Next, to estimate the relative impact of attributes and levels in the conjoint experiments, we computed Average Marginal Component Effects (AMCEs) with 95% Confidence Intervals (CIs) for the preferred choices and the ratings. Relying on both kinds of measures – preferences and behavioral intentions – is particularly relevant to assess the effects of vaccine communication as information ‘treatments’ typically constitute a softer, yet more flexible, kind of intervention than legal rules, which sometimes cannot be modified for various reasons. We present the AMCEs, alongside confidence intervals, in the form of coefficient plots for ease of interpretation (for the full estimation results, Supplemental Tables 3 and 4).
We conducted a qualitative meaning condensation analysis22 supported by the Latent Dirichlet Allocation (LDA)23 to analyse the answers to the open-ended question on subjective reasons for not being vaccinated. LDA is an unsupervised probabilistic topic modeling technique that extracts the meanings of a pre-defined number of topics. We first divided the participants' answers into meaning units and assigned a code that best represented the meaning of each unit. We then grouped these codes under higher-level topics. In parallel, we created a semantic space of the answers to the open question, stemmed the words, removed stop-words, cast text into a lower case only, removed punctuations, and ran LDA. We then compared the meaning of the topics from both procedures, discussed similarities and differences, and finally decided on the meaning of the topics based on consensus between the researchers.

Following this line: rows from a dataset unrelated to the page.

text \<open>Iterating
  \<open>a = (sb) a t\<close> gives \<open>a = y\<^sup>n a t\<^sup>n\<close> with \<open>y = sb\<close>; for \<open>y\<^sup>n\<close> idempotent this yields
  \<open>a = y\<^sup>n a\<close>, which exhibits \<open>a\<close> as a left multiple of \<open>ba\<close>.\<close>

lemma stable_left:
  assumes C: "a \<in> Mc" "b \<in> Mc" "s \<in> Mc" "t \<in> Mc" and eq: "a = s \<cdot> (b \<cdot> a) \<cdot> t"
  shows "\<exists>u\<in>Mc. a = u \<cdot> (b \<cdot> a)"
proof -
  define y where "y = s \<cdot> b"
  have y: "y \<in> Mc" using C y_def by simp
  have iter: "a = mpow y n \<cdot> a \<cdot> mpow t n" for n
  proof (induction n)
    case (Suc n)
    have "a = mpow y n \<cdot> (y \<cdot> a \<cdot> t) \<cdot> mpow t n"
      using Suc eq C unfolding y_def by (simp add: mult_assoc)
    also have "\<dots> = (mpow y n \<cdot> y) \<cdot> a \<cdot> (t \<cdot> mpow t n)" using C y by (simp add: mult_assoc)
    also have "\<dots> = mpow y (Suc n) \<cdot> a \<cdot> mpow t (Suc n)"
      using C y mpow_Suc_right[of y n] mpow_Suc[of t n] by simp
    finally show ?case .
  qed (use C in simp)
  obtain n where n: "n \<ge> 1" "mpow y n \<cdot> mpow y n = mpow y n" using mpow_idempotent y by blast
  have "a = mpow y n \<cdot> (mpow y n \<cdot> a \<cdot> mpow t n)" using iter[of n] n C y by (metis mult_assoc mpow_closed mult_closed)
  then have a: "a = mpow y n \<cdot> a" using iter by metis
  obtain m where m: "n = Suc m" using n by (cases n) auto
  have "a = (mpow y m \<cdot> s) \<cdot> (b \<cdot> a)" using a C y unfolding m by (simp add: mpow_Suc_right mult_assoc y_def)
  then show ?thesis using C y by (intro bexI[of _ "mpow y m \<cdot> s"]) auto
qed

Finally, to identify relevant subgroups in the population that a vaccination campaign might still reach, we clustered the participants using the unsupervised K-means algorithm,24 into distinct, least overlapping subgroups where each participant belonged to only one of them. For this purpose, we calculated overall vaccine hesitancy based on the total sum scores of all case vignette ratings. We also used other variables of which we assumed from the previous analyses that they would best differentiate between subgroups (e.g., gender, education, comorbidities, desire to have children, fear of side effects, trust in science, belief in homeopathy, political preference). We normalized the scales prior to this analysis and removed participants with missing values in the target variables. We summarized how we handled missing values in Supplemental File 3. We used R (https://www.r-project.org/) for the statistical analysis. For reporting, we adhered to the STrengthening the Reporting of OBservational studies in Epidemiology (STROBE) Checklist (Supplemental File 4).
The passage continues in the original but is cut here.